Define rules that extend system guardrails to block specific customer behaviors; they do not guide agent behavior.

These rules can be used to enforce brand, safety, and capability limits when customers make requests that cannot be carried out. Any violations of these rules result in the customer being transferred out of the agentic virtual agent session.

Add custom guardrails

  1. Click Menu > Orchestration > AI Studio > Agentic Virtual Agents.
  2. (Optional) To search for a specific agent, start typing the name of the agent in the search box. As you type, the matching agents are shown.
  3. To open an AI agent, click the agent’s tile. The Agent profile view opens.
  4. Select the Guardrails tab. 
  5. Under Rules, click Add. An empty text field appears.
  6. Enter your custom rule in the text field and click Confirm
  7. Add as many rules as needed. You can also rearrange the rules in a specific order using the drag-and-drop method.
  8. Under Settings, define how the agent must behave if guardrail violations occur:
    1. In the Violation Response field, enter the message that the agent must present to the interaction participant.
    2. In the Violation limit field, set the number of violations allowed before the agent must exit the interaction.
    3. In the Exit response field, enter the message that the agent must present to the interaction participant before exiting.
  9. Click Save to save the rules and settings.
  10. Click Publish to apply the custom guardrails to your agent.
Note: The violation and exit response messages are not mandatory requirements but recommendations for the agent. They are not delivered verbatim but are paraphrased based on the conversational context.

Best practices

  • Test your rules: Verify both that problematic inputs are caught and that legitimate requests still work.
  • Use natural language for custom rules: Write rule descriptions as you would explain the policy to a human.
  • Consider your domain: Banking agents need different protection than weather agents.
  • Monitor and iterate: Review blocked requests to refine your rules over time.
  • Be minimalistic: Evaluation of rules adds to the latency of each request to the system.

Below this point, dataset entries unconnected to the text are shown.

(* Let $p\ge 3$ and let $T$ be a tree with colour classes $A,B$, $|A|\le|B|$. Let $k=\delta(A)=\min\{d_T(x):x\in A\}$ and assume $k\ge 2$; let $A_0=\{x\in A:d_T(x)=k\}$, $B_0=\{y\in B:|N_T(y)\cap A_0|\ge2\}$, $a=|A|$, and when $B_0\ne\emptyset$ let $b+2=\min\{d_T(y):y\in B_0\}$. Then: (1) if $k$ is even, all graphs in $\mathcal{H}_1(n,p,a,k)\cup\mathcal{H}_2(n,p,a,k)$ are $T^{p+1}$-free; (2) if $k$ is odd and $B_0=\emptyset$, all graphs in $\mathcal{H}_2(n,p,a,k)$ are $T^{p+1}$-free; (3) if $k$ is odd, $B_0\ne\emptyset$ and ($b=0$ or $0<b<a-1-\lceil\frac{k-1}{a-1}\rceil$), all graphs in $\mathcal{H}_1(n,p,a,k)$ are $T^{p+1}$-free; (4) if $k$ is odd, $B_0\neq\emptyset$ and $b>\max\{0,a-1-\lceil\frac{k-1}{a-1}\rceil\}$, all graphs in $\mathcal{H}_2(n,p,a,b-1,k)$ are $T^{p+1}$-free; (5) if $k$ is odd, $B_0\ne\emptyset$ and $b=a-1-\lceil\frac{k-1}{a-1}\rceil>0$, all graphs in $\mathcal{H}_1(n,p,a,k)\cup\mathcal{H}_2(n,p,a,b-1,k)$ are $T^{p+1}$-free.
   Context: For a graph $F$ and integer $p\ge1$, the edge blow-up $F^{p+1}$ is obtained from $F$ by replacing each edge by a clique $K_{p+1}$ containing that edge, the newly added vertices of distinct cliques all distinct. $R(n,d)$ denotes an almost $d$-regular graph on $n$ vertices (all degrees $d$ except at most one vertex of degree $d-1$). $K(n_1,\dots,n_p)$ is the complete $p$-partite graph with parts of sizes $n_1,\dots,n_p$, and $\vee$ denotes the join. $L_1(n_1,\dots,n_p;k)$ is the family of graphs obtained from $K(n_1,\dots,n_p)$ by embedding a copy of $R(2k-1,k-1)$ inside one part; $L_2(n_1,\dots,n_p;k)$ is obtained by embedding inside one part a copy of $R(k+1,k-1)\cup K_{k-1}$ if $k$ is even, or of $2K_k$ if $k$ is odd. For positive integers $n\ge a$: $\mathcal{H}_i(n,p,a,k)=K_{a-1}\vee L_i(n_1,\dots,n_p;k)$ ($i=1,2$) and $\mathcal{H}_2(n,p,a,d,k)=R(a-1,d)\vee L_2(n_1,\dots,n_p;k)$, taken over all $n_1,\dots,n_p$ with $\sum_i n_i=n-a+1$. *)

theory Defs
  imports Complex_Main
begin

definition is_graph :: "'a set \<Rightarrow> 'a set set \<Rightarrow> bool" where
  "is_graph V E \<longleftrightarrow> finite V \<and> (\<forall>e\<in>E. \<exists>u v. u \<in> V \<and> v \<in> V \<and> u \<noteq> v \<and> e = {u, v})"

definition nbrs :: "'a set set \<Rightarrow> 'a \<Rightarrow> 'a set" where
  "nbrs E v = {u. {u, v} \<in> E}"

definition deg :: "'a set set \<Rightarrow> 'a \<Rightarrow> nat" where
  "deg E v = card (nbrs E v)"

definition complete_edges :: "'a set \<Rightarrow> 'a set set" where
  "complete_edges S = {{u, v} | u v. u \<in> S \<and> v \<in> S \<and> u \<noteq> v}"

definition connected_graph :: "'a set \<Rightarrow> 'a set set \<Rightarrow> bool" where
  "connected_graph V E \<longleftrightarrow> (\<forall>u\<in>V. \<forall>v\<in>V. \<exists>xs. xs \<noteq> [] \<and> hd xs = u \<and> last xs = v \<and>
      set xs \<subseteq> V \<and> (\<forall>i < length xs - 1. {xs ! i, xs ! Suc i} \<in> E))"

definition acyclic_graph :: "'a set \<Rightarrow> 'a set set \<Rightarrow> bool" where
  "acyclic_graph V E \<longleftrightarrow> \<not> (\<exists>xs. length xs \<ge> 3 \<and> distinct xs \<and> set xs \<subseteq> V \<and>
      (\<forall>i < length xs - 1. {xs ! i, xs ! Suc i} \<in> E) \<and> {last xs, hd xs} \<in> E)"

definition is_tree :: "'a set \<Rightarrow> 'a set set \<Rightarrow> bool" where
  "is_tree V E \<longleftrightarrow> is_graph V E \<and> V \<noteq> {} \<and> connected_graph V E \<and> acyclic_graph V E"

definition colour_classes :: "'a set \<Rightarrow> 'a set set \<Rightarrow> 'a set \<Rightarrow> 'a set \<Rightarrow> bool" where
  "colour_classes V E A B \<longleftrightarrow> A \<union> B = V \<and> A \<inter> B = {} \<and>
      (\<forall>e\<in>E. \<exists>u\<in>A. \<exists>v\<in>B. e = {u, v})"

definition subgraph_of :: "'a set \<Rightarrow> 'a set set \<Rightarrow> 'b set \<Rightarrow> 'b set set \<Rightarrow> bool" where
  "subgraph_of VF EF VG EG \<longleftrightarrow>
     (\<exists>f. inj_on f VF \<and> f ` VF \<subseteq> VG \<and> (\<forall>e\<in>EF. f ` e \<in> EG))"

text \<open>Edge blow-up F^{p+1}: each edge e gets p-1 new vertices Inr (e,i), forming with e a K_{p+1}.\<close>
definition blowup_V :: "'a set \<Rightarrow> 'a set set \<Rightarrow> nat \<Rightarrow> ('a + 'a set \<times> nat) set" where
  "blowup_V V E p = Inl ` V \<union> {Inr (e, i) | e i. e \<in> E \<and> i < p - 1}"

definition blowup_E :: "'a set \<Rightarrow> 'a set set \<Rightarrow> nat \<Rightarrow> ('a + 'a set \<times> nat) set set" where
  "blowup_E V E p = (\<Union>e\<in>E. complete_edges (Inl ` e \<union> {Inr (e, i) | i. i < p - 1}))"

definition blowup_free :: "'a set \<Rightarrow> 'a set set \<Rightarrow> nat \<Rightarrow> 'b set \<Rightarrow> 'b set set \<Rightarrow> bool" where
  "blowup_free VF EF p VG EG \<longleftrightarrow> \<not> subgraph_of (blowup_V VF EF p) (blowup_E VF EF p) VG EG"

text \<open>R(n,d): almost d-regular graph (here the vertex set is given; its size is fixed separately).\<close>
definition almost_regular :: "nat \<Rightarrow> 'b set \<Rightarrow> 'b set set \<Rightarrow> bool" where
  "almost_regular d W EW \<longleftrightarrow> is_graph W EW \<and>
     (\<forall>v\<in>W. deg EW v = d \<or> deg EW v = d - 1) \<and> card {v\<in>W. deg EW v \<noteq> d} \<le> 1"

definition in_family :: "('b set \<Rightarrow> 'b set set \<Rightarrow> bool) \<Rightarrow> ('b set \<Rightarrow> 'b set set \<Rightarrow> bool)
    \<Rightarrow> nat \<Rightarrow> nat \<Rightarrow> nat \<Rightarrow> 'b set \<Rightarrow> 'b set set \<Rightarrow> bool" where
  "in_family topg emb n p a V E \<longleftrightarrow>
    (\<exists>X EXX (P :: nat \<Rightarrow> 'b set) j W EW.
       finite V \<and> card V = n \<and> X \<subseteq> V \<and> card X = a - 1 \<and>
       (\<forall>i<p. P i \<noteq> {}) \<and> (\<forall>i<p. \<forall>i'<p. i \<noteq> i' \<longrightarrow> P i \<inter> P i' = {}) \<and>
       (\<Union>i<p. P i) = V - X \<and>
       topg X EXX \<and> j < p \<and> W \<subseteq> P j \<and> emb W EW \<and>
       E = EXX \<union> EW \<union> {{u, v} | u v. u \<in> X \<and> v \<in> V - X} \<union>
           {{u, v} | u v i i'. i < p \<and> i' < p \<and> i \<noteq> i' \<and> u \<in> P i \<and> v \<in> P i'})"

definition emb_L1 :: "nat \<Rightarrow> 'b set \<Rightarrow> 'b set set \<Rightarrow> bool" where
  "emb_L1 k W EW \<longleftrightarrow> card W = 2 * k - 1 \<and> almost_regular (k - 1) W EW"

definition emb_L2 :: "nat \<Rightarrow> 'b set \<Rightarrow> 'b set set \<Rightarrow> bool" where
  "emb_L2 k W EW \<longleftrightarrow> (\<exists>W1 W2 E1. W = W1 \<union> W2 \<and> W1 \<inter> W2 = {} \<and>
     (if even k
      then card W1 = k + 1 \<and> almost_regular (k - 1) W1 E1 \<and> card W2 = k - 1 \<and>
           EW = E1 \<union> complete_edges W2
      else card W1 = k \<and> card W2 = k \<and> EW = complete_edges W1 \<union> complete_edges W2))"

definition H1 :: "nat \<Rightarrow> nat \<Rightarrow> nat \<Rightarrow> nat \<Rightarrow> 'b set \<Rightarrow> 'b set set \<Rightarrow> bool" where
  "H1 n p a k = in_family (\<lambda>X EXX. EXX = complete_edges X) (emb_L1 k) n p a"

definition H2 :: "nat \<Rightarrow> nat \<Rightarrow> nat \<Rightarrow> nat \<Rightarrow> 'b set \<Rightarrow> 'b set set \<Rightarrow> bool" where
  "H2 n p a k = in_family (\<lambda>X EXX. EXX = complete_edges X) (emb_L2 k) n p a"

definition H2d :: "nat \<Rightarrow> nat \<Rightarrow> nat \<Rightarrow> nat \<Rightarrow> nat \<Rightarrow> 'b set \<Rightarrow> 'b set set \<Rightarrow> bool" where
  "H2d n p a d k = in_family (\<lambda>X EXX. almost_regular d X EXX) (emb_L2 k) n p a"

end

theory Submission
  imports Defs
begin

text \<open>Suppose T^{p+1} embeds in a host graph: an apex set X of a - 1 vertices joined to a
  complete p-partite graph one of whose parts contains a graph W splitting into classes C1 and
  C2 with no edges between them. The clique of a tree edge whose image avoids X has two vertices
  in one part, hence at least two vertices in C1 or in C2. Since X is too small to absorb all
  of A, and since any vertex set of a tree spans fewer edges than it has vertices, counting the
  edges at the A-vertices not mapped into X shows that there are exactly two such vertices
  x1, x2, both of degree k, with a common neighbour y mapped into X, and that at least 2k - 2
  cliques must be paid for by vertices of C1 and C2. This forces |C1| + |C2| \<ge> 2k and k odd,
  which excludes H1, and H2 for even k. Otherwise y lies in B0, and all neighbours of y but x1, x2
  are mapped into X next to the image of y, so deg y - 2 is at most the maximum degree of the
  graph on X; this excludes H2 when B0 is empty, and H2(n,p,a,b-1,k) because deg y \<ge> b + 2.\<close>

section \<open>Forests\<close>

definition edges_in :: "'a set set \<Rightarrow> 'a set \<Rightarrow> 'a set set" where
  "edges_in E U = {e \<in> E. e \<subseteq> U}"

definition is_walk :: "'a set set \<Rightarrow> 'a list \<Rightarrow> bool" where
  "is_walk E xs \<longleftrightarrow> (\<forall>i < length xs - 1. {xs ! i, xs ! Suc i} \<in> E)"

lemma is_graph_edgeD:
  assumes "is_graph V E" "{u, w} \<in> E"
  shows "u \<noteq> w" "u \<in> V" "w \<in> V"
proof -
  obtain x y where "x \<in> V" "y \<in> V" "x \<noteq> y" "{u, w} = {x, y}"
    using assms unfolding is_graph_def by blast
  then show "u \<noteq> w" "u \<in> V" "w \<in> V" by (auto simp: doubleton_eq_iff)
qed

lemma is_graph_edge_subset:
  assumes "is_graph V E" "e \<in> E"
  shows "e \<subseteq> V"
proof -
  obtain u v where "u \<in> V" "v \<in> V" "e = {u, v}" using assms unfolding is_graph_def by meson
  then show ?thesis by simp
qed

lemma finite_graph_edges:
  assumes "is_graph V E"
  shows "finite E"
proof -
  have "E \<subseteq> Pow V" using is_graph_edge_subset[OF assms] by blast
  then show ?thesis using assms finite_subset unfolding is_graph_def by blast
qed

lemma finite_nbrs:
  assumes "is_graph V E"
  shows "finite (nbrs E v)"
proof -
  have "nbrs E v \<subseteq> V" unfolding nbrs_def using is_graph_edgeD(2)[OF assms] by blast
  then show ?thesis using assms finite_subset unfolding is_graph_def by blast
qed

lemma is_graph_edge_at:
  assumes "is_graph V E" "e \<in> E" "v \<in> e"
  obtains x where "e = {v, x}" "v \<noteq> x"
proof -
  obtain a b where "a \<noteq> b" "e = {a, b}" using assms(1,2) unfolding is_graph_def by meson
  then show ?thesis using that assms(3) by (auto simp: insert_commute)
qed

lemma graph_edges_Int:
  assumes "is_graph V E" "e \<in> E" "e' \<in> E" "e \<noteq> e'" "v \<in> e" "v \<in> e'"
  shows "e \<inter> e' = {v}"
proof -
  obtain x y where "e = {v, x}" "v \<noteq> x" "e' = {v, y}" "v \<noteq> y"
    using is_graph_edge_at assms by metis
  then show ?thesis using assms(4) by auto
qed

lemma is_walk_Cons:
  assumes "is_walk E xs" "xs \<noteq> []" "{w, hd xs} \<in> E"
  shows "is_walk E (w # xs)"
  unfolding is_walk_def
proof (intro allI impI)
  fix i assume i: "i < length (w # xs) - 1"
  show "{(w # xs) ! i, (w # xs) ! Suc i} \<in> E"
  proof (cases i)
    case 0 then show ?thesis using assms(2,3) by (simp add: hd_conv_nth)
  next
    case (Suc j) then show ?thesis using assms(1) i unfolding is_walk_def by auto
  qed
qed

lemma is_walk_take: "is_walk E xs \<Longrightarrow> is_walk E (take n xs)"
  unfolding is_walk_def by auto

lemma maximal_path_exists:
  assumes "finite U" "U \<noteq> {}"
  obtains xs where "xs \<noteq> []" "distinct xs" "set xs \<subseteq> U" "is_walk E xs"
    and "\<And>w. w \<in> U \<Longrightarrow> {w, hd xs} \<in> E \<Longrightarrow> w \<in> set xs"
proof -
  define has_path_of_length where "has_path_of_length n \<longleftrightarrow>
      (\<exists>xs. length xs = n \<and> xs \<noteq> [] \<and> distinct xs \<and> set xs \<subseteq> U \<and> is_walk E xs)" for n
  obtain u where "u \<in> U" using assms(2) by blast
  then have "has_path_of_length 1"
    unfolding has_path_of_length_def by (intro exI[of _ "[u]"]) (auto simp: is_walk_def)
  moreover have "\<forall>n. has_path_of_length n \<longrightarrow> n \<le> card U"
    unfolding has_path_of_length_def using assms(1) by (metis card_mono distinct_card)
  ultimately obtain m where "has_path_of_length m" and m_max: "\<forall>n. has_path_of_length n \<longrightarrow> n \<le> m"
    using Nat.ex_has_greatest_nat by blast
  then obtain xs where xs: "length xs = m" "xs \<noteq> []" "distinct xs" "set xs \<subseteq> U" "is_walk E xs"
    unfolding has_path_of_length_def by blast
  have "w \<in> set xs" if "w \<in> U" "{w, hd xs} \<in> E" for w
  proof (rule ccontr)
    assume "w \<notin> set xs"
    then have "has_path_of_length (Suc m)"
      unfolding has_path_of_length_def using xs that is_walk_Cons[OF xs(5,2)]
      by (intro exI[of _ "w # xs"]) auto
    then show False using m_max by fastforce
  qed
  then show ?thesis using that xs by blast
qed

text \<open>A longest path in U, starting at v0, contains every neighbour of v0 in U; reaching one
  other than the successor of v0 closes a cycle.\<close>
lemma not_acyclic_if_min_degree_2:
  assumes g: "is_graph V E" and "finite U" "U \<subseteq> V" "U \<noteq> {}"
    and deg2: "\<forall>u\<in>U. 2 \<le> card {w \<in> U. {u, w} \<in> E}"
  shows "\<not> acyclic_graph V E"
proof -
  obtain xs where xs: "xs \<noteq> []" "distinct xs" "set xs \<subseteq> U" "is_walk E xs"
    and closed: "\<And>w. w \<in> U \<Longrightarrow> {w, hd xs} \<in> E \<Longrightarrow> w \<in> set xs"
    using maximal_path_exists[OF assms(2,4)] by blast
  define v0 where "v0 = hd xs"
  have "v0 \<in> U" using xs unfolding v0_def by auto
  have "\<not> {w \<in> U. {v0, w} \<in> E} \<subseteq> {xs ! 1}"
  proof
    assume "{w \<in> U. {v0, w} \<in> E} \<subseteq> {xs ! 1}"
    then have "card {w \<in> U. {v0, w} \<in> E} \<le> 1" using card_mono[of "{xs ! 1}"] by fastforce
    then show False using deg2 \<open>v0 \<in> U\<close> by fastforce
  qed
  then obtain w where w: "w \<in> U" "{v0, w} \<in> E" "w \<noteq> xs ! 1" by blast
  have "w \<noteq> v0" using is_graph_edgeD(1)[OF g w(2)] by simp
  have "w \<in> set xs" using closed w unfolding v0_def by (simp add: insert_commute)
  then obtain i where i: "i < length xs" "xs ! i = w" by (metis in_set_conv_nth)
  have "i \<noteq> 0" using i \<open>w \<noteq> v0\<close> xs(1) unfolding v0_def by (metis hd_conv_nth)
  moreover have "i \<noteq> 1" using i w(3) by auto
  ultimately have "2 \<le> i" by linarith
  define ys where "ys = take (Suc i) xs"
  have "length ys \<ge> 3" using i \<open>2 \<le> i\<close> unfolding ys_def by simp
  moreover have "distinct ys" using xs(2) unfolding ys_def by simp
  moreover have "set ys \<subseteq> V"
    using xs(3) assms(3) set_take_subset[of "Suc i" xs] unfolding ys_def by blast
  moreover have "\<forall>j < length ys - 1. {ys ! j, ys ! Suc j} \<in> E"
    using is_walk_take[OF xs(4)] unfolding ys_def is_walk_def by blast
  moreover have "last ys = w" using i unfolding ys_def by (simp add: take_Suc_conv_app_nth)
  moreover have "hd ys = v0" using xs(1) unfolding ys_def v0_def by (simp add: hd_take)
  moreover have "{last ys, hd ys} \<in> E" using w(2) by (simp add: calculation insert_commute)
  ultimately show ?thesis unfolding acyclic_graph_def by blast
qed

The profile contains the following sections and a preview widget:

You can switch to any of the sections of the agentic virtual agent while creating a new agent, editing an existing agent, or viewing an agent. Any incomplete section is indicated by the icon preceding the section name. You can save an agent with an incomplete section but you cannot publish the agent until all sections are complete.

After you have completed all necessary sections of the agent setup, you can click Publish to publish the flow.